Congratulations to the San Francisco Giants, winning the World Series last night. In honor of their victory let's talk metrics. Baseball has truly embraced metrics as evidenced in the book and movie Moneyball about focusing on statistics to choose which players to trade for. This year we saw a dramatic increase in the infield shift, the process of moving the infielders to different locations for each batter based on where they hit the ball, all based on statistics.
Metrics work in baseball because we do have lots of statistics, but also an objective goal of winning games and ultimately the World Series. You can use machine learning techniques to predict the effects of certain players and positions and the metrics can drive your decisions.
In the academic world we certainly have our own statistics, publications counts and citations, grant income, teaching evaluation scores, sizes of classes and majors, number of faculty and much more. We certainly draw useful information from these values and they feed into the decisions of hiring and promotion and evaluation of departments and disciplines. But I don't like making decisions solely based on metrics, because we don't have an objective outcome.

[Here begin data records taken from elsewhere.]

lemma cand_tau_prec:
  assumes x: "x \<in> cands" and m: "m \<in> alg_D n J \<delta>"
  shows "prec n (tau_pow n (J ! m) x) (p m @ x)"
proof -
  have vx: "valid_word n x" using x by (simp add: r_set_def)
  then have "inf_ge n (inv_word x @ (\<delta> ! m) @ x) (J ! m)"
    using x m in_C_conj_iff by (simp add: r_set_def alg_D_def)
  then show ?thesis using inf_ge_conj_iff[OF vx] p m by blast
qed

lemma delta_cand: "delta_word n \<in> cands"
proof -
  obtain c where "pos_eq (delta_letters n) (i # c)"
    using delta_letters_left_divisible[OF n i] by blast
  moreover from this have "valid_letters n c"
    using pos_eq_set valid_delta_letters by (fastforce simp: valid_letters_def)
  ultimately have "braid_eq n (sigma_i @ pos_word c) (delta_word n)"
    using braid_eq_of_pos_eq valid_delta_letters be_sym
    by (fastforce simp: delta_word_pos_word pos_word_def)
  then have "prec n sigma_i (delta_word n)"
    using positive_pos_word \<open>valid_letters n c\<close> by (auto simp: prec_def)
  moreover have "inf_ge n (\<delta> ! t) (J ! t)" if "t < length J" for t
    using C that le_binf_iff[OF n, of "\<delta> ! t" "J ! t"] by (auto simp: in_C_def)
  then have "in_C n J (conj_tuple \<delta> (delta_word n))"
    using in_C_conj_iff inf_ge_conj_delta[OF n] by simp
  ultimately show ?thesis using positive_delta_word prec_refl by (simp add: r_set_def simple_def)
qed

definition alg_inv :: "bword \<Rightarrow> bool" where
  "alg_inv s \<longleftrightarrow> valid_word n s \<and> positive n s \<and> prec n sigma_i s \<and> (\<forall>x\<in>cands. prec n s x)"

lemma alg_inv_start: "alg_inv sigma_i"
  using i prec_refl positive_pos_word[of n "[i]"] by (auto simp: alg_inv_def r_set_def pos_word_def)

lemma alg_inv_step:
  assumes s: "alg_inv s" and st: "step s s2"
  shows "alg_inv s2"
proof -
  obtain m s' where m: "m \<in> alg_D n J \<delta>" and s': "valid_word n s'" "positive n s'"
    and lcm: "is_lcm n (tau_pow n (J ! m) s) (p m @ s) (p m @ s @ s')" and s2: "s2 = s @ s'"
    using st by (auto simp: alg_step_def)
  have pm: "valid_word n (p m)" "positive n (p m)" using p m by auto
  have "prec n s2 x" if x: "x \<in> cands" for x
  proof -
    have sx: "prec n s x" using s x by (simp add: alg_inv_def)
    have "prec n (tau_pow n (J ! m) s) (p m @ x)"
      using prec_trans[OF prec_tau_pow[OF n sx] cand_tau_prec[OF x m]] .
    moreover have "positive n (p m @ x)" using positive_append pm x
      by (simp add: r_set_def simple_def)
    ultimately have "prec n (p m @ s @ s') (p m @ x)"
      using lcm prec_append_left[OF sx] by (simp add: is_lcm_def)
    then show ?thesis using prec_append_left_iff[OF pm(1)] s2 by simp
  qed
  then show ?thesis
    using s s' s2 positive_append prec_trans prec_append by (auto simp: alg_inv_def)
qed

lemma alg_inv_reachable: "step\<^sup>*\<^sup>* sigma_i s \<Longrightarrow> alg_inv s"
  by (induction rule: rtranclp_induct) (auto intro: alg_inv_start alg_inv_step)

lemma exp_sum_step:
  assumes st: "step s s2"
  shows "exp_sum s < exp_sum s2"
proof -
  obtain m s' where np: "\<not> prec n (tau_pow n (J ! m) s) (p m @ s)" and s': "positive n s'"
    and lcm: "is_lcm n (tau_pow n (J ! m) s) (p m @ s) (p m @ s @ s')" and s2: "s2 = s @ s'"
    using st by (auto simp: alg_step_def)
  have "exp_sum s' \<noteq> 0"
  proof
    assume "exp_sum s' = 0"
    then have "braid_eq n (p m @ s @ s') (p m @ s)"
      using positive_exp_sum_0[OF s'] braid_eq_append_left[of n s' "[]" "p m @ s"] by simp
    then show False using lcm np prec_cong_right by (auto simp: is_lcm_def)
  qed
  then show ?thesis using exp_sum_nonneg[OF s'] s2 by simp
qed

lemma alg_inv_exp_sum_le: "alg_inv s \<Longrightarrow> exp_sum s \<le> exp_sum (delta_word n)"
  using delta_cand prec_exp_sum by (auto simp: alg_inv_def)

What does it mean to be a great computer scientist? It's not just a number, not necessarily the person with a large number of citations or a high h-index, or the one who brings in huge grants, or the one with high teaching scores, or whose students gets high paying jobs. It's a much more subjective measure, the person who has a great impact. in the many various ways one can have an impact. It's why faculty applications require recommendation letters. It's why we have faculty recruiting and P&T committees, instead of just punching in a formula. It's why we have outside review committees that review departments and degrees, and peer review of grant proposals.

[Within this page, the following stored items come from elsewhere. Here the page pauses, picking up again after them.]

(* In the setting of the context, fix $n\in\{0,1,\dots,T/\tau-1\}$ and suppose the MTI-FA iterates satisfy $|y^n|\le C_0+1$ and $|\dot y^n|\le (C_0+1)/\varepsilon^2$. Let $\tilde y^n$ solve $\varepsilon^2\ddot{\tilde y}^n(s)+(\alpha+\varepsilon^{-2})\tilde y^n(s)+g(|\tilde y^n(s)|^2)\tilde y^n(s)=0$ for $s>0$, $\tilde y^n(0)=y^n$, $\dot{\tilde y}^n(0)=\dot y^n$, and set $\eta^n(s)=y(t_n+s)-\tilde y^n(s)$, $\dot\eta^n(s)=\dot y(t_n+s)-\dot{\tilde y}^n(s)$, $e^n=y(t_n)-y^n$, $\dot e^n=\dot y(t_n)-\dot y^n$. Then $$\mathcal E(\eta^n(\tau),\dot\eta^n(\tau))-\mathcal E(e^n,\dot e^n)\lesssim\tau\,\mathcal E(e^n,\dot e^n),\qquad 0\le\tau\le\tau_1,$$ where $\tau_1=(2C_0+4)^{-1}K_1^{-1}$ with $K_1=\|g\|_{L^\infty(0,(2C_0+4)^2)}$, and $\mathcal E(e,\dot e)=\varepsilon^2|\dot e|^2+(\alpha+\varepsilon^{-2})|e|^2$ for $e,\dot e\in\mathbb{C}$.
   Context: Setting. Let $0<\varepsilon\le1$, $\alpha\ge0$, $\lambda\in\mathbb{R}$, $p\in\mathbb{N}_0=\{0,1,2,\dots\}$, $g(\rho)=\lambda\rho^p$ and $f(y)=g(|y|^2)y$ for $y\in\mathbb{C}$. Let $\phi_1,\phi_2\in\mathbb{C}$ (independent of $\varepsilon$) and let $y(t)\in\mathbb{C}$ solve $\varepsilon^2\ddot y+(\alpha+\varepsilon^{-2})y+f(y)=0$ for $t>0$, $y(0)=\phi_1$, $\dot y(0)=\phi_2/\varepsilon^2$. Let $T^*$ be the maximal existence time, fix $0<T<T^*$, and assume $y\in C^2(0,T)$ with $\|\frac{d^m}{dt^m}y\|_{L^\infty(0,T)}\lesssim\varepsilon^{-2m}$ for $m=0,1,2$. Set $C_0=\max\{\|y\|_{L^\infty(0,T)},\varepsilon^2\|\dot y\|_{L^\infty(0,T)},\varepsilon^4\|\ddot y\|_{L^\infty(0,T)}\}$. $A\lesssim B$ means $|A|\le CB$ for a generic constant $C>0$ independent of $\tau$ (or $n$) and $\varepsilon$. $\tau>0$ is the time step, $t_n=n\tau$, $\bar z$ denotes complex conjugation, $\omega=\sqrt{1+\varepsilon^2\alpha}/\varepsilon^2$. The iterates $(y^n,\dot y^n)$ are those of the scheme MTI-FA: For $k=0,\dots,p$ let $\langle p_1,p_2,p_3\rangle_k$ be the set of $(p_1,p_2,p_3)\in\mathbb{N}_0^3$ with $p_1+2p_2+p_3=p-k$, $p_3\in\{0,1\}$; $g_\pm(\rho_+,\rho_-)=\sum_{\langle p_1,p_2,p_3\rangle_0}\lambda(\rho_++\rho_-)^{p_1}(\rho_+\rho_-)^{p_2}(\rho_\mp)^{p_3}$; for $k=1,\dots,p$, $g_k(z_+,z_-)=\lambda z_+^{k+1}z_-^{k}\sum_{\langle p_1,p_2,p_3\rangle_k}(|z_+|^2+|z_-|^2)^{p_1}|z_+|^{2p_2}|z_-|^{2p_2+2p_3}$, $P_k=\int_0^\tau\frac{\sin(\omega(\tau-\theta))}{\varepsilon^2\omega}e^{i(2k+1)\theta/\varepsilon^2}d\theta$, $Q_k=\int_0^\tau\frac{\sin(\omega(\tau-\theta))}{\varepsilon^2\omega}e^{i(2k+1)\theta/\varepsilon^2}\theta\,d\theta$, $\dot P_k=\int_0^\tau\frac{\cos(\omega(\tau-\theta))}{\varepsilon^2}e^{i(2k+1)\theta/\varepsilon^2}d\theta$, $\dot Q_k=\int_0^\tau\frac{\cos(\omega(\tau-\theta))}{\varepsilon^2}e^{i(2k+1)\theta/\varepsilon^2}\theta\,d\theta$ (empty sums if $p=0$). Set $y^0=\phi_1$, $\dot y^0=\phi_2/\varepsilon^2$; given $(y^n,\dot y^n)$ let $z_+^{(0)}=\frac{y^n-i\varepsilon^2\dot y^n}{2}$, $z_-^{(0)}=\frac{\overline{y^n}-i\varepsilon^2\overline{\dot y^n}}{2}$, $\mu_\pm=\frac12g_\pm(|z_+^{(0)}|^2,|z_-^{(0)}|^2)+\frac\alpha2$, $\dot z_\pm^{(0)}=i\mu_\pm z_\pm^{(0)}$, $\dot r^{(0)}=-\dot z_+^{(0)}-\overline{\dot z_-^{(0)}}$, $u^{(0)}=-\mu_+^2z_+^{(0)}-\mu_-^2\overline{z_-^{(0)}}$, $g_{k,\pm}^{(0)}=g_k(z_\pm^{(0)},z_\mp^{(0)})$, $\dot g_{k,\pm}^{(0)}=\frac{d}{ds}g_k(Z_\pm(s),Z_\mp(s))|_{s=0}$ with $Z_\pm(s)=e^{i\mu_\pm s}z_\pm^{(0)}$; $z_\pm^{n+1}=e^{i\mu_\pm\tau}z_\pm^{(0)}$, $\dot z_\pm^{n+1}=i\mu_\pm z_\pm^{n+1}$, $\ddot z_\pm^{n+1}=-\mu_\pm^2z_\pm^{n+1}$, $r^{n+1}=\frac{\sin(\omega\tau)}{\omega}(\dot r^{(0)}-\frac\tau2u^{(0)})-\sum_{k=1}^p[P_kg_{k,+}^{(0)}+Q_k\dot g_{k,+}^{(0)}+\overline{P_kg_{k,-}^{(0)}}+\overline{Q_k\dot g_{k,-}^{(0)}}]$, $y^{n+1}=e^{i\tau/\varepsilon^2}z_+^{n+1}+e^{-i\tau/\varepsilon^2}\overline{z_-^{n+1}}+r^{n+1}$, $u^{n+1}=e^{i\tau/\varepsilon^2}\ddot z_+^{n+1}+e^{-i\tau/\varepsilon^2}\overline{\ddot z_-^{n+1}}$, $h^{n+1}=g(|y^{n+1}|^2)y^{n+1}-g(|y^{n+1}-r^{n+1}|^2)(y^{n+1}-r^{n+1})$, $\dot r^{n+1}=-\sum_{k=1}^p[\dot P_kg_{k,+}^{(0)}+\dot Q_k\dot g_{k,+}^{(0)}+\overline{\dot P_kg_{k,-}^{(0)}}+\overline{\dot Q_k\dot g_{k,-}^{(0)}}]+\cos(\omega\tau)(\dot r^{(0)}-\frac\tau2u^{(0)})-\frac\tau2(\frac{h^{n+1}}{\varepsilon^2}+u^{n+1})$, $\dot y^{n+1}=e^{i\tau/\varepsilon^2}(\dot z_+^{n+1}+\frac{i}{\varepsilon^2}z_+^{n+1})+e^{-i\tau/\varepsilon^2}(\overline{\dot z_-^{n+1}}-\frac{i}{\varepsilon^2}\overline{z_-^{n+1}})+\dot r^{n+1}$. *)

theory Defs
  imports "HOL-Analysis.Analysis"
begin

definition gnl :: "real \<Rightarrow> nat \<Rightarrow> real \<Rightarrow> real" where
  "gnl lam p \<rho> = lam * \<rho> ^ p"

definition fnl :: "real \<Rightarrow> nat \<Rightarrow> complex \<Rightarrow> complex" where
  "fnl lam p z = complex_of_real (gnl lam p ((cmod z)\<^sup>2)) * z"

definition idx :: "nat \<Rightarrow> nat \<Rightarrow> (nat \<times> nat \<times> nat) set" where
  "idx p k = {(p1, p2, p3). p1 + 2 * p2 + p3 = p - k \<and> p3 \<in> {0, 1}}"

text \<open>g_+ (sel = True) and g_- (sel = False).\<close>
definition gpm :: "bool \<Rightarrow> real \<Rightarrow> nat \<Rightarrow> real \<Rightarrow> real \<Rightarrow> real" where
  "gpm sel lam p rp rm =
     (\<Sum>(p1, p2, p3)\<in>idx p 0. lam * (rp + rm) ^ p1 * (rp * rm) ^ p2 * (if sel then rm else rp) ^ p3)"

definition gk :: "real \<Rightarrow> nat \<Rightarrow> nat \<Rightarrow> complex \<Rightarrow> complex \<Rightarrow> complex" where
  "gk lam p k zp zm =
     complex_of_real lam * zp ^ (k + 1) * zm ^ k *
     (\<Sum>(p1, p2, p3)\<in>idx p k.
        complex_of_real (((cmod zp)\<^sup>2 + (cmod zm)\<^sup>2) ^ p1 * cmod zp ^ (2 * p2) * cmod zm ^ (2 * p2 + 2 * p3)))"

definition omg :: "real \<Rightarrow> real \<Rightarrow> real" where
  "omg eps \<alpha> = sqrt (1 + eps\<^sup>2 * \<alpha>) / eps\<^sup>2"

definition eix :: "real \<Rightarrow> complex" where
  "eix x = exp (\<i> * complex_of_real x)"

As you might have guessed this post is motivated by attempts to rank departments based on metrics, such as described in the controversial guest post last week or by Mitzenmacher. There are so many rankings based on metrics, you just need to find one that makes you look good. But metric-based rankings have many problems, most importantly they can't capture the subjective measure of greatness and people will disagree on which metric to use. If a ranking takes hold, you may optimize to the metric instead of to the real goals, a bad allocation of resources.
I prefer the US News & World report approach to ranking CS Departments, which are based heavily on surveys filled out by department and graduate committee chairs. For the subareas, it would be better to have, for example, theory people rank the theory groups but I still prefer the subjective approach.
In the end, the value of a program is its reputation, for a strong reputation is what attracts faculty and students. Reputation-based rankings can best capture the relative strengths of academic departments in what really matters.